Exercise details: If a line of the entries below includes the word "sigma", it counts; state the total and nothing further.

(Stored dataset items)
lemma fitzpatrick_minorant_convex_combination:
  "fitzpatrick_minorant w ((1 - t) *\<^sub>R z + t *\<^sub>R z')
     = (1 - t) * fitzpatrick_minorant w z + t * fitzpatrick_minorant w z'"
  by (simp add: fitzpatrick_minorant_def inner_add_left inner_add_right algebra_simps)

lemma convex_on_fitzpatrick:
  assumes "graph_op A \<noteq> {}"
  shows "convex_on (fitzpatrick_dom A) (fitzpatrick A)"
proof -
  have *: "(1 - t) *\<^sub>R z + t *\<^sub>R z' \<in> fitzpatrick_dom A \<and>
      fitzpatrick A ((1 - t) *\<^sub>R z + t *\<^sub>R z') \<le> (1 - t) * fitzpatrick A z + t * fitzpatrick A z'"
    if "z \<in> fitzpatrick_dom A" "z' \<in> fitzpatrick_dom A" "0 \<le> t" "t \<le> 1" for z z' t
  proof -
    have "fitzpatrick_minorant w ((1 - t) *\<^sub>R z + t *\<^sub>R z')
            \<le> (1 - t) * fitzpatrick A z + t * fitzpatrick A z'" if "w \<in> graph_op A" for w
      unfolding fitzpatrick_minorant_convex_combination
      using fitzpatrick_upper[OF \<open>z \<in> _\<close> that] fitzpatrick_upper[OF \<open>z' \<in> _\<close> that] \<open>0 \<le> t\<close> \<open>t \<le> 1\<close>
      by (intro add_mono mult_left_mono) auto
    then show ?thesis using fitzpatrick_least[OF assms] by blast
  qed
  have "convex (fitzpatrick_dom A)"
  proof (rule convexI)
    fix z z' and u v :: real
    assume "z \<in> fitzpatrick_dom A" "z' \<in> fitzpatrick_dom A" "0 \<le> u" "0 \<le> v" "u + v = 1"
    moreover have "u = 1 - v" using \<open>u + v = 1\<close> by simp
    ultimately show "u *\<^sub>R z + v *\<^sub>R z' \<in> fitzpatrick_dom A" using *[of z z' v] by simp
  qed
  then show ?thesis using * by (intro convex_onI) auto
qed

lemma fitzpatrick_le_limit:
  assumes "graph_op A \<noteq> {}" and zs: "zs \<longlonglongrightarrow> z" and c: "c \<longlonglongrightarrow> c0"
    and le: "\<And>n w. w \<in> graph_op A \<Longrightarrow> fitzpatrick_minorant w (zs n) \<le> c n"
  shows "z \<in> fitzpatrick_dom A" and "fitzpatrick A z \<le> c0"
proof -
  have "fitzpatrick_minorant w z \<le> c0" if w: "w \<in> graph_op A" for w
  proof (rule LIMSEQ_le[OF _ c])
    show "(\<lambda>n. fitzpatrick_minorant w (zs n)) \<longlonglongrightarrow> fitzpatrick_minorant w z"
      unfolding fitzpatrick_minorant_def by (intro tendsto_intros zs)
    show "\<exists>N. \<forall>n\<ge>N. fitzpatrick_minorant w (zs n) \<le> c n" using le[OF w] by blast
  qed
  then show "z \<in> fitzpatrick_dom A" "fitzpatrick A z \<le> c0"
    using fitzpatrick_least[OF assms(1)] by blast+
qed

lemma fitzpatrick_plus_half_norm_sq_nonneg:
  assumes "maximal_monotone A" and "z \<in> fitzpatrick_dom A"
  shows "0 \<le> fitzpatrick A z + norm z^2 / 2"
proof -
  have "0 \<le> norm (fst z + snd z)^2" by simp
  also have "\<dots> = norm z^2 + 2 * inner (fst z) (snd z)"
    by (simp add: power2_norm_eq_inner inner_prod_def inner_add_left inner_add_right inner_commute)
  finally show ?thesis using inner_le_fitzpatrick[OF assms] by linarith
qed

lemma fitzpatrick_plus_half_norm_sq_has_min:
  fixes A :: "'a::{real_inner, complete_space} \<Rightarrow> 'a set"
  assumes A: "maximal_monotone A"
  obtains zb where "zb \<in> fitzpatrick_dom A"
    and "\<And>z. z \<in> fitzpatrick_dom A \<Longrightarrow>
           fitzpatrick A zb + norm zb^2 / 2 \<le> fitzpatrick A z + norm z^2 / 2"
proof -
  define D where "D = fitzpatrick_dom A"
  define G where "G z = fitzpatrick A z + norm z^2 / 2" for z
  have graph_ne: "graph_op A \<noteq> {}" by (rule graph_op_nonempty[OF A])
  then have "D \<noteq> {}" using fitzpatrick_on_graph(1)[of A] A
    by (auto simp: D_def maximal_monotone_def)
  define m where "m = Inf (G ` D)"
  have "bdd_below (G ` D)"
    using fitzpatrick_plus_half_norm_sq_nonneg[OF A] unfolding bdd_below_def D_def G_def by blast
  then have m_le: "m \<le> G z" if "z \<in> D" for z
    unfolding m_def using that by (auto intro: cInf_lower)
  define r :: "nat \<Rightarrow> real" where "r n = 1 / (real n + 1)" for n
  have r: "r \<longlonglongrightarrow> 0"
    unfolding r_def using LIMSEQ_inverse_real_of_nat_add[of 0] by (simp add: divide_inverse add.commute)
  have "\<exists>z\<in>D. G z < m + r n" for n
    using cInf_lessD[of "G ` D" "m + r n"] \<open>D \<noteq> {}\<close> by (auto simp: m_def r_def)
  then obtain zs where zs_D: "\<And>n. zs n \<in> D" and zs_G: "\<And>n. G (zs n) < m + r n"
    by metis
  have "Cauchy zs"
  proof (rule convex_on_plus_half_norm_sq_minimizing_Cauchy[OF convex_on_fitzpatrick[OF graph_ne] _ _ r])
    show "zs n \<in> fitzpatrick_dom A" for n using zs_D by (simp add: D_def)
    show "m \<le> fitzpatrick A z + norm z^2 / 2" if "z \<in> fitzpatrick_dom A" for z
      using m_le that by (simp add: D_def G_def)
    show "fitzpatrick A (zs n) + norm (zs n)^2 / 2 \<le> m + r n" for n
      using zs_G[of n] by (simp add: G_def)
  qed
  then obtain zb where zb: "zs \<longlonglongrightarrow> zb" using Cauchy_convergent convergent_def by blast
  have "zb \<in> D \<and> fitzpatrick A zb \<le> m - norm zb^2 / 2"
  proof (intro conjI)
    have c: "(\<lambda>n. m + r n - norm (zs n)^2 / 2) \<longlonglongrightarrow> m - norm zb^2 / 2"
      by (rule tendsto_eq_intros zb r refl | simp)+
    have "fitzpatrick_minorant w (zs n) \<le> m + r n - norm (zs n)^2 / 2"
      if "w \<in> graph_op A" for n w
      using fitzpatrick_upper[OF _ that] zs_D[of n] zs_G[of n] unfolding D_def G_def by fastforce
    from fitzpatrick_le_limit[OF graph_ne zb c this]
    show "zb \<in> D" "fitzpatrick A zb \<le> m - norm zb^2 / 2" by (simp_all add: D_def)
  qed
  then show thesis
    using that m_le unfolding D_def G_def by fastforce
qed

text \<open>\<open>- a \<in> A a\<close> says \<open>0 \<in> (Id + A) a\<close>: Minty's theorem at the point 0.\<close>
theorem maximal_monotone_minty:
  fixes A :: "'a::{real_inner, complete_space} \<Rightarrow> 'a set"
  assumes A: "maximal_monotone A"
  shows "\<exists>a. - a \<in> A a"
proof -
  have mono: "monotone_op A" using A by (simp add: maximal_monotone_def)
  obtain zb where zb: "zb \<in> fitzpatrick_dom A"
    and minimal: "\<And>z. z \<in> fitzpatrick_dom A \<Longrightarrow>
           fitzpatrick A zb + norm zb^2 / 2 \<le> fitzpatrick A z + norm z^2 / 2"
    using fitzpatrick_plus_half_norm_sq_has_min[OF A] by blast
  define xb ub where "xb = fst zb" and "ub = snd zb"
  have key: "norm (xb + ub)^2 \<le> inner (ub + y) (xb + v)" if "v \<in> A y" for y v
  proof -
    have w: "(y, v) \<in> graph_op A" using that by (simp add: graph_op_def)
    have "0 \<le> fitzpatrick A (y, v) - fitzpatrick A zb + inner zb ((y, v) - zb)"
      using convex_on_plus_half_norm_sq_min_variational[OF
          convex_on_fitzpatrick[OF graph_op_nonempty[OF A]] zb fitzpatrick_on_graph(1)[OF mono w] minimal] .
    moreover have "fitzpatrick A (y, v) \<le> inner y v"
      using fitzpatrick_on_graph(2)[OF mono w] by simp
    moreover have "inner xb ub \<le> fitzpatrick A zb"
      using inner_le_fitzpatrick[OF A zb] by (simp add: xb_def ub_def)
    moreover have "inner zb ((y, v) - zb) = inner xb y + inner ub v - inner xb xb - inner ub ub"
      by (simp add: xb_def ub_def inner_prod_def inner_diff_right)
    ultimately show ?thesis
      by (simp add: power2_norm_eq_inner inner_add_left inner_add_right inner_commute)
  qed
  have "- xb \<in> A (- ub)"
  proof (rule maximal_monotoneD[OF A])
    fix y v assume "v \<in> A y"
    then have "0 \<le> inner (ub + y) (xb + v)" using key by (meson order_trans zero_le_power2)
    then show "0 \<le> inner (- ub - y) (- xb - v)"
      by (simp add: inner_diff_left inner_diff_right inner_add_left inner_add_right)
  qed
  moreover from key[OF this] have "xb = - ub"
    by (simp add: add_eq_0_iff2)
  ultimately show ?thesis by (metis minus_minus)
qed

section \<open>Resolvents\<close>

lemma maximal_monotone_scale_shift:
  assumes A: "maximal_monotone A" and \<beta>: "0 < \<beta>"
  shows "maximal_monotone (\<lambda>y. (\<lambda>v. \<beta> *\<^sub>R v - x) ` A y)"
  unfolding maximal_monotone_def monotone_op_def
proof (intro conjI allI impI)
  fix z y u v
  assume "u \<in> (\<lambda>v. \<beta> *\<^sub>R v - x) ` A z" "v \<in> (\<lambda>v. \<beta> *\<^sub>R v - x) ` A y"
  then obtain u' v' where uv': "u' \<in> A z" "v' \<in> A y" and "u - v = \<beta> *\<^sub>R (u' - v')"
    by (auto simp: scaleR_diff_right)
  moreover have "monotone_op A" using A by (simp add: maximal_monotone_def)
  ultimately show "0 \<le> inner (z - y) (u - v)"
    using monotone_opD[of A, OF _ uv'] \<beta> by simp
next
  fix z u
  assume h: "\<forall>y v. v \<in> (\<lambda>v. \<beta> *\<^sub>R v - x) ` A y \<longrightarrow> 0 \<le> inner (z - y) (u - v)"
  have "(1 / \<beta>) *\<^sub>R (u + x) \<in> A z"
  proof (rule maximal_monotoneD[OF A])
    fix y v assume "v \<in> A y"
    with h have "0 \<le> inner (z - y) (u - (\<beta> *\<^sub>R v - x))" by blast
    also have "u - (\<beta> *\<^sub>R v - x) = \<beta> *\<^sub>R ((1 / \<beta>) *\<^sub>R (u + x) - v)"
      using \<beta> by (simp add: algebra_simps)
    finally show "0 \<le> inner (z - y) ((1 / \<beta>) *\<^sub>R (u + x) - v)"
      using \<beta> by (simp add: zero_le_mult_iff)
  qed
  moreover have "u = \<beta> *\<^sub>R ((1 / \<beta>) *\<^sub>R (u + x)) - x" using \<beta> by simp
  ultimately show "u \<in> (\<lambda>v. \<beta> *\<^sub>R v - x) ` A z" by blast
qed
text \<open>Averaging over the two relevant items of 1/position times the number of relevant items
  up to that position (2 for the later item, 1 for the earlier one) gives the pair loss.\<close>
lemma pair_loss_by_precedence:
  assumes "a \<noteq> b"
  shows "1 - (1/2) * (1 / real a * (if b < a then 2 else 1) + 1 / real b * (if a < b then 2 else 1))
    = pair_loss a b"
proof (cases "a < b")
  case True
  then show ?thesis by (simp add: pair_loss_def min_def max_def add_divide_distrib)
next
  case False
  then have "b < a" using assms by simp
  then show ?thesis by (simp add: pair_loss_def min_def max_def add_divide_distrib)
qed

lemma pair_loss_diff_1_2: "3 \<le> s \<Longrightarrow> pair_loss 1 s - pair_loss 2 s = - 1/4"
  unfolding pair_loss_def by (simp add: min_def max_def)

lemma pair_loss_diff_2_3_at_1: "pair_loss 2 1 - pair_loss 3 1 = - 1/6"
  unfolding pair_loss_def by (simp add: min_def max_def)

lemma pair_loss_diff_2_3: "4 \<le> s \<Longrightarrow> pair_loss 2 s - pair_loss 3 s = - 1/12"
  unfolding pair_loss_def by (simp add: min_def max_def)

lemma pair_loss_1_3: "pair_loss 1 3 = 1/6"
  unfolding pair_loss_def by simp

lemma pair_loss_nonneg:
  assumes "1 \<le> a" and "1 \<le> b" and "a \<noteq> b"
  shows "0 \<le> pair_loss a b"
proof -
  have "1 / (2 * real (min a b)) \<le> 1/2" and "1 / real (max a b) \<le> 1/2"
    using assms by (auto simp: field_simps max_def)
  then show ?thesis unfolding pair_loss_def by linarith
qed

lemma permutation_with_prefix:
  assumes "distinct xs" and "set xs \<subseteq> {1..r}"
  shows "\<exists>\<sigma>. \<sigma> permutes {1..r} \<and> (\<forall>i<length xs. \<sigma> (xs ! i) = Suc i)"
  using assms
proof (induction xs rule: rev_induct)
  case Nil
  show ?case
    by (intro exI[of _ id] conjI permutes_id) simp
next
  case (snoc w xs)
  let ?k = "Suc (length xs)"
  have xs: "distinct xs" "set xs \<subseteq> {1..r}" and w: "w \<in> {1..r}" and w_new: "w \<notin> set xs"
    using snoc.prems by auto
  obtain \<rho> where \<rho>: "\<rho> permutes {1..r}" and prefix: "\<forall>i<length xs. \<rho> (xs ! i) = Suc i"
    using snoc.IH[OF xs] by auto
  have "?k = card (set (xs @ [w]))" using distinct_card[OF snoc.prems(1)] by simp
  also have "\<dots> \<le> r" using card_mono[OF _ snoc.prems(2)] by simp
  finally have k: "?k \<in> {1..r}" by simp
  define \<sigma> where "\<sigma> = transpose (\<rho> w) ?k \<circ> \<rho>"
  have "\<rho> w \<in> {1..r}" using permutes_in_image[OF \<rho>] w by simp
  then have "\<sigma> permutes {1..r}" unfolding \<sigma>_def
    using \<rho> k by (intro permutes_compose) (simp_all add: permutes_swap_id)
  moreover have "\<sigma> w = ?k" by (simp add: \<sigma>_def)
  moreover have "\<sigma> (xs ! i) = Suc i" if "i < length xs" for i
  proof -
    have "xs ! i \<noteq> w" using that w_new nth_mem by blast
    then have "\<rho> (xs ! i) \<noteq> \<rho> w" using permutes_inj[OF \<rho>] by (auto dest: injD)
    then show ?thesis using prefix that by (simp add: \<sigma>_def transpose_def)
  qed
  ultimately show ?case by (auto simp: nth_append less_Suc_eq)
qed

Task output: 6